__Task material__.
(* Let $\mathfrak g=so(3)\oplus A_1$ be the real Lie algebra with basis $e_1,\dots,e_4$ and nonzero brackets $[e_1,e_2]=e_3$, $[e_2,e_3]=e_1$, $[e_3,e_1]=e_2$ ($e_4$ central). For $\varepsilon\in(0,1]$ let $K=\tfrac12\sqrt{4\varepsilon^4+1}$, $\theta_\pm=\sqrt{(2K\pm1)/(4K)}$, and $$U_\varepsilon=\begin{pmatrix}0&0&\varepsilon^2&0\\0&-\varepsilon^3&0&0\\0&0&0&\varepsilon\\-\varepsilon^2&0&-1&0\end{pmatrix},\quad W_\varepsilon=\begin{pmatrix}-\theta_-&0&0&\theta_+\\0&1&0&0\\0&0&1&0\\\theta_+&0&0&\theta_-\end{pmatrix},\quad \tilde W_\varepsilon=\begin{pmatrix}-\theta_-&0&-\theta_+&0\\0&-1&0&0\\0&0&0&1\\-\theta_+&0&\theta_-&0\end{pmatrix},$$ $D_\varepsilon=\mathrm{diag}(K+\tfrac12,\varepsilon^3,\varepsilon,K-\tfrac12)$. Then: (i) $U_\varepsilon=W_\varepsilon D_\varepsilon\tilde W_\varepsilon$, the matrices $W_\varepsilon,\tilde W_\varepsilon$ are orthogonal and converge as $\varepsilon\to0^+$ to nonsingular matrices $W_0,\tilde W_0$; (ii) the matrix $U_\varepsilon$ contracts $\mathfrak g$ to the algebra $A_{4.1}$ with nonzero brackets $[e_2,e_4]=e_1$, $[e_3,e_4]=e_2$; (iii) the matrix $\tilde U_\varepsilon=W_0D_\varepsilon\tilde W_0$ contracts $\mathfrak g$ to the algebra $A_{3.1}\oplus A_1$ with only nonzero bracket $[e_2,e_4]=e_1$, which is not isomorphic to $A_{4.1}$.
   Context: A matrix-valued continuous function $U:(0,1]\to GL_4(\mathbb R)$ contracts a Lie algebra with structure constants $c_{ij}^k$ to the algebra with structure constants $\tilde c_{i'j'}^{k'}=\lim_{\varepsilon\to0^+}(U_\varepsilon)^i_{i'}(U_\varepsilon)^j_{j'}(U_\varepsilon^{-1})^{k'}_kc^k_{ij}$ (summation convention), provided all these limits exist; equivalently the new bracket is $\lim_{\varepsilon\to0^+}U_\varepsilon^{-1}[U_\varepsilon x,U_\varepsilon y]$. *)

theory Defs
  imports "HOL-Analysis.Analysis"
begin

text \<open>Indices: the basis vectors e1,e2,e3,e4 correspond to the elements
  1,2,3,4 of the numeral type 4 (note that 4 = 0 in that type, but the four
  elements are pairwise distinct).\<close>

definition idx4 :: "4 \<Rightarrow> nat" where
  "idx4 i = (if i = 1 then 0 else if i = 2 then 1 else if i = 3 then 2 else 3)"

definition mat4 :: "real list list \<Rightarrow> real^4^4" where
  "mat4 L = (\<chi> i j. (L ! idx4 i) ! idx4 j)"

definition diag4 :: "real \<Rightarrow> real \<Rightarrow> real \<Rightarrow> real \<Rightarrow> real^4^4" where
  "diag4 a b c d = mat4 [[a,0,0,0],[0,b,0,0],[0,0,c,0],[0,0,0,d]]"

text \<open>Structure constants c i j k = c_{ij}^k of the Lie algebra whose nonzero
  brackets are [e_i,e_j] = e_k for (i,j,k) in the list (and their antisymmetric
  counterparts).\<close>
definition sc_of :: "(4 \<times> 4 \<times> 4) list \<Rightarrow> 4 \<Rightarrow> 4 \<Rightarrow> 4 \<Rightarrow> real" where
  "sc_of L i j k = (if (i,j,k) \<in> set L then 1 else if (j,i,k) \<in> set L then -1 else 0)"

definition so3_A1 :: "4 \<Rightarrow> 4 \<Rightarrow> 4 \<Rightarrow> real" where
  "so3_A1 = sc_of [(1,2,3),(2,3,1),(3,1,2)]"

definition A41 :: "4 \<Rightarrow> 4 \<Rightarrow> 4 \<Rightarrow> real" where
  "A41 = sc_of [(2,4,1),(3,4,2)]"

definition A31_A1 :: "4 \<Rightarrow> 4 \<Rightarrow> 4 \<Rightarrow> real" where
  "A31_A1 = sc_of [(2,4,1)]"

definition br :: "(4 \<Rightarrow> 4 \<Rightarrow> 4 \<Rightarrow> real) \<Rightarrow> real^4 \<Rightarrow> real^4 \<Rightarrow> real^4" where
  "br c x y = (\<chi> k. \<Sum>i\<in>UNIV. \<Sum>j\<in>UNIV. x$i * y$j * c i j k)"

__What you need to do__. Go through the entries above and report each line with the string "open" in it.

__Result for this exercise__.
text \<open>Indices: the basis vectors e1,e2,e3,e4 correspond to the elements
text \<open>Structure constants c i j k = c_{ij}^k of the Lie algebra whose nonzero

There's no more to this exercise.